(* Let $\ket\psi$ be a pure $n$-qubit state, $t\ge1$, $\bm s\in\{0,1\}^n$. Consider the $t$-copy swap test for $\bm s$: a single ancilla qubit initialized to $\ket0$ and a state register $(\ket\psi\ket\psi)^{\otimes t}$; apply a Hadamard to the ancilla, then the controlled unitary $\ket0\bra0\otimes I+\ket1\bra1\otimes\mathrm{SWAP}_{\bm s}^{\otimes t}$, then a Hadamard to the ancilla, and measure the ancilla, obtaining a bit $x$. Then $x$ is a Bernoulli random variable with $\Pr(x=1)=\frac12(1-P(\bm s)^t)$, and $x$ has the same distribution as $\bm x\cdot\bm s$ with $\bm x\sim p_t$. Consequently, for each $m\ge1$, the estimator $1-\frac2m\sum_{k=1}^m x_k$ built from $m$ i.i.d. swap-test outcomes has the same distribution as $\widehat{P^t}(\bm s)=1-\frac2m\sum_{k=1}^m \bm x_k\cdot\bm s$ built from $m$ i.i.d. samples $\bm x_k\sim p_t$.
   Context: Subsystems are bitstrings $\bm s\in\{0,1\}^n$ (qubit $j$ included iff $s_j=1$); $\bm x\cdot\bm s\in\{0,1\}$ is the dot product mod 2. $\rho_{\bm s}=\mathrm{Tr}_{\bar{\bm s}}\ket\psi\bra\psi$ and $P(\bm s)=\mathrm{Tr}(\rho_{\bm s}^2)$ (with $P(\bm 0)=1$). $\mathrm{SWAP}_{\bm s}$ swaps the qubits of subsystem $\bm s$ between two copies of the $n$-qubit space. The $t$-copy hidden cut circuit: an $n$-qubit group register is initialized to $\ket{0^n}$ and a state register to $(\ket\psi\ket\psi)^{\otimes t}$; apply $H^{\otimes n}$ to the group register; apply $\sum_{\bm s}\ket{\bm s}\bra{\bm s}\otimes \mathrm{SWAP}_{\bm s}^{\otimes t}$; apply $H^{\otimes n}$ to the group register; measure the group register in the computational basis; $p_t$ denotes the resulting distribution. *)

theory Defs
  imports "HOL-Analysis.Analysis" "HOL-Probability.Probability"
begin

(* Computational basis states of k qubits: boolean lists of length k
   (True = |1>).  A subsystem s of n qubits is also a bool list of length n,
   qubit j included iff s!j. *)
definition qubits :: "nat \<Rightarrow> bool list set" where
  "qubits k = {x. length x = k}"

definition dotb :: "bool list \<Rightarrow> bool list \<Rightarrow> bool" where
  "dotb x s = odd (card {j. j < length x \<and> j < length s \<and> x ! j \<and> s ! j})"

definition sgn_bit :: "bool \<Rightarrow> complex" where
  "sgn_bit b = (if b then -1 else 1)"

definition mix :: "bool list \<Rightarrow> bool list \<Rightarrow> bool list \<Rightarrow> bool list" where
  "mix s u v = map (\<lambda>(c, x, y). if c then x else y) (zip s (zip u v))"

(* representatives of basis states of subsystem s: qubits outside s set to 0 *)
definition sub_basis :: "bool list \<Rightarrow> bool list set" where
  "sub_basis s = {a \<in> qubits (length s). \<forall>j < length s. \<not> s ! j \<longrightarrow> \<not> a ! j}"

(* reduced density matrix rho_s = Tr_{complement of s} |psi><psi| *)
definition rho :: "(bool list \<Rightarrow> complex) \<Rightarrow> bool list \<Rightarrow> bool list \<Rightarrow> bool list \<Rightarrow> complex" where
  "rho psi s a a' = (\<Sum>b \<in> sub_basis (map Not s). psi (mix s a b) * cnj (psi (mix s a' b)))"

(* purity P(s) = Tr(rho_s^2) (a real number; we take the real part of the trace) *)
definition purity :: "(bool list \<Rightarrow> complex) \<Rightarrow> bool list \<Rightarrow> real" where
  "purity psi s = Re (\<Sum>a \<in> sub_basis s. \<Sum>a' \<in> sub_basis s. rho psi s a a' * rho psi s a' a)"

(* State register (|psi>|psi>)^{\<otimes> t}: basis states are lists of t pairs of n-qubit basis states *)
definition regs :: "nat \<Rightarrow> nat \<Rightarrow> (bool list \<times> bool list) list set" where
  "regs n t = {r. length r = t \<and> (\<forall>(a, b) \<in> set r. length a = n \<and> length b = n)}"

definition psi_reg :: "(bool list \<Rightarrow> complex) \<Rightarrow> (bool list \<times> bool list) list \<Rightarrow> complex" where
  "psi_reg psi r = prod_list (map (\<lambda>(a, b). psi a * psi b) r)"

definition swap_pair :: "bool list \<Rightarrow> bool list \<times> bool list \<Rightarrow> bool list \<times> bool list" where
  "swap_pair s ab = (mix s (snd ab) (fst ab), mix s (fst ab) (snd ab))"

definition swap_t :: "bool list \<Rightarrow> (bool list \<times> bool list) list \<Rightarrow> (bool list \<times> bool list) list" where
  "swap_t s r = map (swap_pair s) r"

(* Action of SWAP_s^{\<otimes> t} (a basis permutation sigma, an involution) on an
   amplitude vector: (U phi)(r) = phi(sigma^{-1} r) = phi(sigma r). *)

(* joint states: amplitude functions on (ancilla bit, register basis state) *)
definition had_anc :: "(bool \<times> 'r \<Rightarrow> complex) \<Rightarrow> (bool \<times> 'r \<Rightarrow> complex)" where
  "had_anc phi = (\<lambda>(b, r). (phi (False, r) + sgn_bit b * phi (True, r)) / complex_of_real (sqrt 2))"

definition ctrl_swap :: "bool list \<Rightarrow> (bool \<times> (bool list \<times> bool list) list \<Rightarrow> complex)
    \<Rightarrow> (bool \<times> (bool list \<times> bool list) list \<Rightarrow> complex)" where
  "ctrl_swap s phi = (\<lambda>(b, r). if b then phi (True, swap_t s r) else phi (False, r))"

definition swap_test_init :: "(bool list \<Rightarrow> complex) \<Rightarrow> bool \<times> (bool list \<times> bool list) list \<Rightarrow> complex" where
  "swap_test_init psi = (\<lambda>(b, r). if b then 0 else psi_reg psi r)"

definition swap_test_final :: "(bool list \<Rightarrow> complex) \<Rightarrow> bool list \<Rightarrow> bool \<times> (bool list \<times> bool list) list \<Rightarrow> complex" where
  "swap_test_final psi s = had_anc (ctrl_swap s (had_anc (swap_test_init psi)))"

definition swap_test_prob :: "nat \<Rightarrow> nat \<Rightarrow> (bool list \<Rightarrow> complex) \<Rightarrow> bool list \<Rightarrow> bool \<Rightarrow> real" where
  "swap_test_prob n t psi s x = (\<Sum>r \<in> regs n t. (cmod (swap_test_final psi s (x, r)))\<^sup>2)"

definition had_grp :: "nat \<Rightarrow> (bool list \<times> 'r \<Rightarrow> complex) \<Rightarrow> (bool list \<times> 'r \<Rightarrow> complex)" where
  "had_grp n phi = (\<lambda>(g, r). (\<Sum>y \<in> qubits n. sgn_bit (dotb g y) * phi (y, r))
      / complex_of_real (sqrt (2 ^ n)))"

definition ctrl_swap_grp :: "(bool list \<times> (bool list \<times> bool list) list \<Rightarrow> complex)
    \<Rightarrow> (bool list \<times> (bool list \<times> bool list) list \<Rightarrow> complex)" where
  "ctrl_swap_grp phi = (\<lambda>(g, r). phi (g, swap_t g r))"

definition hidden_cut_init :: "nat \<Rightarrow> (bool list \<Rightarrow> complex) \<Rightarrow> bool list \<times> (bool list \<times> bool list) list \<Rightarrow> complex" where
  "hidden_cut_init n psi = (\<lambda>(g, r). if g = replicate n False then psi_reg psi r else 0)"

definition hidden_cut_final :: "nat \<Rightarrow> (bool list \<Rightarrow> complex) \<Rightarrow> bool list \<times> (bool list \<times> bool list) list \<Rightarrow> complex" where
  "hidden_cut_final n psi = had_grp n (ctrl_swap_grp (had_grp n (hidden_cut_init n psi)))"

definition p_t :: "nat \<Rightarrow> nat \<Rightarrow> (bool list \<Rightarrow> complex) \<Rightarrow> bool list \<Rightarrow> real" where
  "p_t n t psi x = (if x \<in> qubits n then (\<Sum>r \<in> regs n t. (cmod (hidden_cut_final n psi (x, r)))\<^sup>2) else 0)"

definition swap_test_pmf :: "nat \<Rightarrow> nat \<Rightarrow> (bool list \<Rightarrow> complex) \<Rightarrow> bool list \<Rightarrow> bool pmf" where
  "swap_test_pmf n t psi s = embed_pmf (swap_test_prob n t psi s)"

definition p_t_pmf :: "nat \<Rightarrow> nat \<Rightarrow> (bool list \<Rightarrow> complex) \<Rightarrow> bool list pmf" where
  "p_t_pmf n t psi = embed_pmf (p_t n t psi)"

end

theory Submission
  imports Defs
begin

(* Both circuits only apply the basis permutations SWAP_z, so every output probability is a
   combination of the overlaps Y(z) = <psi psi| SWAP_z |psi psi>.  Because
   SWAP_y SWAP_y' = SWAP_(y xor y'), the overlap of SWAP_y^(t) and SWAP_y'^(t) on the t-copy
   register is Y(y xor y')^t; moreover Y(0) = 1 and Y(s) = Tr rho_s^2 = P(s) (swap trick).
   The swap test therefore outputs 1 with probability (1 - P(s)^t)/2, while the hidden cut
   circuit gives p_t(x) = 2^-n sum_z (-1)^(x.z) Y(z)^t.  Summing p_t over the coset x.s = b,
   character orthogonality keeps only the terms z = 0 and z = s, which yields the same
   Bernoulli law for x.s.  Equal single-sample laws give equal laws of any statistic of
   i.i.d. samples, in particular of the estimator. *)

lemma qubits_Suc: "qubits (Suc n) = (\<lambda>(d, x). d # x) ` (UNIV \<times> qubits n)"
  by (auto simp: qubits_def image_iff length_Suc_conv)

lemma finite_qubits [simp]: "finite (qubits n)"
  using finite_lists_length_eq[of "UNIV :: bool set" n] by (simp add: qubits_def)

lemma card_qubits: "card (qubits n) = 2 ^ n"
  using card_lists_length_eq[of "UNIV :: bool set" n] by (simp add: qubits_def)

==

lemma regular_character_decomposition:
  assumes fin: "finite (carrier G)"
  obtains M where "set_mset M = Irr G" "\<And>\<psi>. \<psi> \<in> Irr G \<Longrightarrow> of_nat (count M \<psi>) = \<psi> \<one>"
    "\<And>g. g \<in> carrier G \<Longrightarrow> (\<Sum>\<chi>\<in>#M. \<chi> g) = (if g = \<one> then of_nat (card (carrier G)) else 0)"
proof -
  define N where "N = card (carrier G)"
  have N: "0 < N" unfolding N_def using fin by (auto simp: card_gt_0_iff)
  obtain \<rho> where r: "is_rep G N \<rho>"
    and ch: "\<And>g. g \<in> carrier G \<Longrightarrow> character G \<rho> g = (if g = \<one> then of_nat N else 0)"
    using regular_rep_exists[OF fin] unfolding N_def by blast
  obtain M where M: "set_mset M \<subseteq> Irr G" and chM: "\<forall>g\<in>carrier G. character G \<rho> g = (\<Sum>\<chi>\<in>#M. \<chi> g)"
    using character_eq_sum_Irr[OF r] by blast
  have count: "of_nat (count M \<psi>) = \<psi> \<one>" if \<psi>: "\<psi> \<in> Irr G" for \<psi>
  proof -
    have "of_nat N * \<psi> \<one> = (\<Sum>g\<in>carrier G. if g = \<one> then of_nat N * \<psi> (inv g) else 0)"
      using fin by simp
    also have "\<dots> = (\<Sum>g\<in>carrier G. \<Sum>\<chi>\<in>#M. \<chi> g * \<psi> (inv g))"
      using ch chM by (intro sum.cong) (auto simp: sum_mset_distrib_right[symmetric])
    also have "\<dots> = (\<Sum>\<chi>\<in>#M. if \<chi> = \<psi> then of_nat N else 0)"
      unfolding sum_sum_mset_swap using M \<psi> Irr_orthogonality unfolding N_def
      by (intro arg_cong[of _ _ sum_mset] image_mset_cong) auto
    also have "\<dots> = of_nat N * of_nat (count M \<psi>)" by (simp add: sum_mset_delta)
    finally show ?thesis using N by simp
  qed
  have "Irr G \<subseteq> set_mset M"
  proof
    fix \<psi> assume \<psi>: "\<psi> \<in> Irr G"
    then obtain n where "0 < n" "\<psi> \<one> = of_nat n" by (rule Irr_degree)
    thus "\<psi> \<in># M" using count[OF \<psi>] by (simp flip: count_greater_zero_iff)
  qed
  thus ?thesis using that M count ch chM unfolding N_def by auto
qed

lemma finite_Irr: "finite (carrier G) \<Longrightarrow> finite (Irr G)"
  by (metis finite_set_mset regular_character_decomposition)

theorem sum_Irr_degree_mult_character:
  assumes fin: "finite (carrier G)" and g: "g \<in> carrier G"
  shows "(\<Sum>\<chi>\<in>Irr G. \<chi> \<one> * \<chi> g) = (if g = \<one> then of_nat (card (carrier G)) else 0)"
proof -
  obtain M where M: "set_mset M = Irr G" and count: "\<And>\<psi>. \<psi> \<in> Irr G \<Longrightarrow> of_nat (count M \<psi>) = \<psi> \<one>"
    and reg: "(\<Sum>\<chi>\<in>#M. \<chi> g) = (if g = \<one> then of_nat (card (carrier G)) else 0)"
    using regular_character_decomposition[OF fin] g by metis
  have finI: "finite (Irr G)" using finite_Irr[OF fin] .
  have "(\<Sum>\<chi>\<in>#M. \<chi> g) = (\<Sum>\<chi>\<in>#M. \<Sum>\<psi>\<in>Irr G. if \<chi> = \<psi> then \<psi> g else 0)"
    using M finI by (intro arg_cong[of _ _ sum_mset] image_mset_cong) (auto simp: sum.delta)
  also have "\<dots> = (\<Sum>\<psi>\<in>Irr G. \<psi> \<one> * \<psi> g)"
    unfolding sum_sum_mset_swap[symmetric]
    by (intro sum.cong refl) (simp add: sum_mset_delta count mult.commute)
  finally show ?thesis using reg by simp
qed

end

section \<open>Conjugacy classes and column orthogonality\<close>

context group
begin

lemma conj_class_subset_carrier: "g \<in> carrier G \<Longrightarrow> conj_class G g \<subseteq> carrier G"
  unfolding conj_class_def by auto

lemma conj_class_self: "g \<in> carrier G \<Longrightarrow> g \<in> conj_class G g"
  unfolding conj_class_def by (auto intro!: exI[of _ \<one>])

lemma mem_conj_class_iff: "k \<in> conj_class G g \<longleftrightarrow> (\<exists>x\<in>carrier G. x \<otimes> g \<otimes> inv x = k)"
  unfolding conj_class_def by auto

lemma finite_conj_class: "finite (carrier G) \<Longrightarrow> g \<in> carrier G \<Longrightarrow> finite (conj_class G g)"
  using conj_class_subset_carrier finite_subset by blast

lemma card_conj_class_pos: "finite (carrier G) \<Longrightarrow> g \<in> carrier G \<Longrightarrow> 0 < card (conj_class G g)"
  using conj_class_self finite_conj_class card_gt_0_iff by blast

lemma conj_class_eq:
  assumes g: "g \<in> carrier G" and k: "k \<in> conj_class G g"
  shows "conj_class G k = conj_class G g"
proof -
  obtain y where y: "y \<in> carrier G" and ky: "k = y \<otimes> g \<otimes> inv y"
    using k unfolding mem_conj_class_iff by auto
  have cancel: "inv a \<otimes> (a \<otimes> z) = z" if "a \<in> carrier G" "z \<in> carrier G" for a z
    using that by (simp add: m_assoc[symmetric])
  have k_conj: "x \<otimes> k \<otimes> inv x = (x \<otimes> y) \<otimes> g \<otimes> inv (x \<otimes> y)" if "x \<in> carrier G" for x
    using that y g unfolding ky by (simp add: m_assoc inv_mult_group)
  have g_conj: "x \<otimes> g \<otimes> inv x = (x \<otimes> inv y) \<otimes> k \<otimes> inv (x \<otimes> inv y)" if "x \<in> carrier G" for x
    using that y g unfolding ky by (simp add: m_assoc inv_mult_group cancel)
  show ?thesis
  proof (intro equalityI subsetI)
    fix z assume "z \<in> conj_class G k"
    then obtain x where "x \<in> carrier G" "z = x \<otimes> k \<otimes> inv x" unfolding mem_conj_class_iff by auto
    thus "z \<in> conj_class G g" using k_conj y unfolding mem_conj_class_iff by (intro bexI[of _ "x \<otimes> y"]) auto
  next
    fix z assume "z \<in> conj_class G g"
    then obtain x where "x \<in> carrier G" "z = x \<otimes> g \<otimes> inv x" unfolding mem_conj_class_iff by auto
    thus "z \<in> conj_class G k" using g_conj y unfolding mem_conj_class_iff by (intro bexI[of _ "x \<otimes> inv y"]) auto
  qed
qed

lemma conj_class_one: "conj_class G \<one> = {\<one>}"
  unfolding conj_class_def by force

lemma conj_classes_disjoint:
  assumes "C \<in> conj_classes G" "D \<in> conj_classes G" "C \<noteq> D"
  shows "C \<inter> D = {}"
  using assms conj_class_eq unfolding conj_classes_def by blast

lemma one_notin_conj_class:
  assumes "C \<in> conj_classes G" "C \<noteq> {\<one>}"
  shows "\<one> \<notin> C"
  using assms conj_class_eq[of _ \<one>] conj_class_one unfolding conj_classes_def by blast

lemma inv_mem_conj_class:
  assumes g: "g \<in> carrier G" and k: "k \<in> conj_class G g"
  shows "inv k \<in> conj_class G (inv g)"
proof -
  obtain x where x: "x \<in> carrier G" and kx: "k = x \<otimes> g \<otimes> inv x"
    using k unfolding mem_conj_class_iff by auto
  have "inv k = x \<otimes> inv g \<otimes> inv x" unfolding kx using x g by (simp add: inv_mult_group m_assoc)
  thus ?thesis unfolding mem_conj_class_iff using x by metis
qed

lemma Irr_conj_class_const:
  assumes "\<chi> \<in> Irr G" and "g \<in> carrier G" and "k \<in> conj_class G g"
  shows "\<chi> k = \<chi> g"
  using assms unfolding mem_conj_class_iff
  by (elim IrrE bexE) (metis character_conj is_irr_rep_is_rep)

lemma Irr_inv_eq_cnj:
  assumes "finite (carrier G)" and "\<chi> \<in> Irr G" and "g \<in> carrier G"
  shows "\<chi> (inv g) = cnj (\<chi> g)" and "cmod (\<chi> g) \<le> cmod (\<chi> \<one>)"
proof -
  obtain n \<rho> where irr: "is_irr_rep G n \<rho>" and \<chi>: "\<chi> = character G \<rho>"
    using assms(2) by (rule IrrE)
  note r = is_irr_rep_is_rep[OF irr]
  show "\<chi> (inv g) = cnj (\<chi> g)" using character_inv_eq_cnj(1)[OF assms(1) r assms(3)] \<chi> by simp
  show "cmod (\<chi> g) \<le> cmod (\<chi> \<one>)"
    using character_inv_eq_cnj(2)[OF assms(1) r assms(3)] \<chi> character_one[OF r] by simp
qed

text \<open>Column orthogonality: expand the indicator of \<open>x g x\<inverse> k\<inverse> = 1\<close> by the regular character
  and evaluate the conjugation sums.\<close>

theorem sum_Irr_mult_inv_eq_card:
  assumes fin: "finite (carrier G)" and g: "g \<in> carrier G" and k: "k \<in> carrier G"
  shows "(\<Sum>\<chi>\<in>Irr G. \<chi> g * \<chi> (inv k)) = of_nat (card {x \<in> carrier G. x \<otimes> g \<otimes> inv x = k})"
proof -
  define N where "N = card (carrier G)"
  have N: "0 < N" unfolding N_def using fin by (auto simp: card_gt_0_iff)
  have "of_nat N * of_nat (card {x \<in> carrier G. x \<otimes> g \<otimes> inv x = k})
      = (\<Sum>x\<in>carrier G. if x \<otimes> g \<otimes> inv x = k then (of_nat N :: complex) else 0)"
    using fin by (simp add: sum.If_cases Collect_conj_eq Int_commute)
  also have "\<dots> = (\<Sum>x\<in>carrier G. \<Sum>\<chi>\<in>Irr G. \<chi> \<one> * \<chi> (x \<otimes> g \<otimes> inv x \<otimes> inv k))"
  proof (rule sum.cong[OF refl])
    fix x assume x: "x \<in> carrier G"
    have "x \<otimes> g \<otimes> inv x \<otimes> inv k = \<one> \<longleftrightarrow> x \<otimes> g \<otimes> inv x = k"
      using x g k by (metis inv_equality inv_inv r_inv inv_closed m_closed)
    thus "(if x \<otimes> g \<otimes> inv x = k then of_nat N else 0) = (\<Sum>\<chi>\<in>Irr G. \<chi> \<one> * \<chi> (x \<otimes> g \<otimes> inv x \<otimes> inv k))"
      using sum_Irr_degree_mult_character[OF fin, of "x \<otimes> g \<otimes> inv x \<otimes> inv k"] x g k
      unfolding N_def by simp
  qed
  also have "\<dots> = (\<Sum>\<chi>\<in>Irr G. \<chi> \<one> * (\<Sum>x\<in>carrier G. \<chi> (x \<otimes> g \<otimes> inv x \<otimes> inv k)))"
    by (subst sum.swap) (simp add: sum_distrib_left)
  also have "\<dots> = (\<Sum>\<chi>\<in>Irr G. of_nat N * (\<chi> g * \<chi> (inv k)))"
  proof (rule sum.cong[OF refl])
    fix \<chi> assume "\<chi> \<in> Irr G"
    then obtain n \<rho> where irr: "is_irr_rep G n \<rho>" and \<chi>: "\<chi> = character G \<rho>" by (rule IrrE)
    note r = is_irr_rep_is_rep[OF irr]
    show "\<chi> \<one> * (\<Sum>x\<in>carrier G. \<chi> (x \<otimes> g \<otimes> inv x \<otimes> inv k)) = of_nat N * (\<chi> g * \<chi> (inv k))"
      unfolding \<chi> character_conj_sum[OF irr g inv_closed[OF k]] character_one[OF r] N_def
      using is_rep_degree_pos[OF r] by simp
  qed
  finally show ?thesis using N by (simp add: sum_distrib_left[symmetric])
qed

**Task objective**. In the records above, count the lines that contain the word "regs" and state only that count.

**Exercise solution**. 4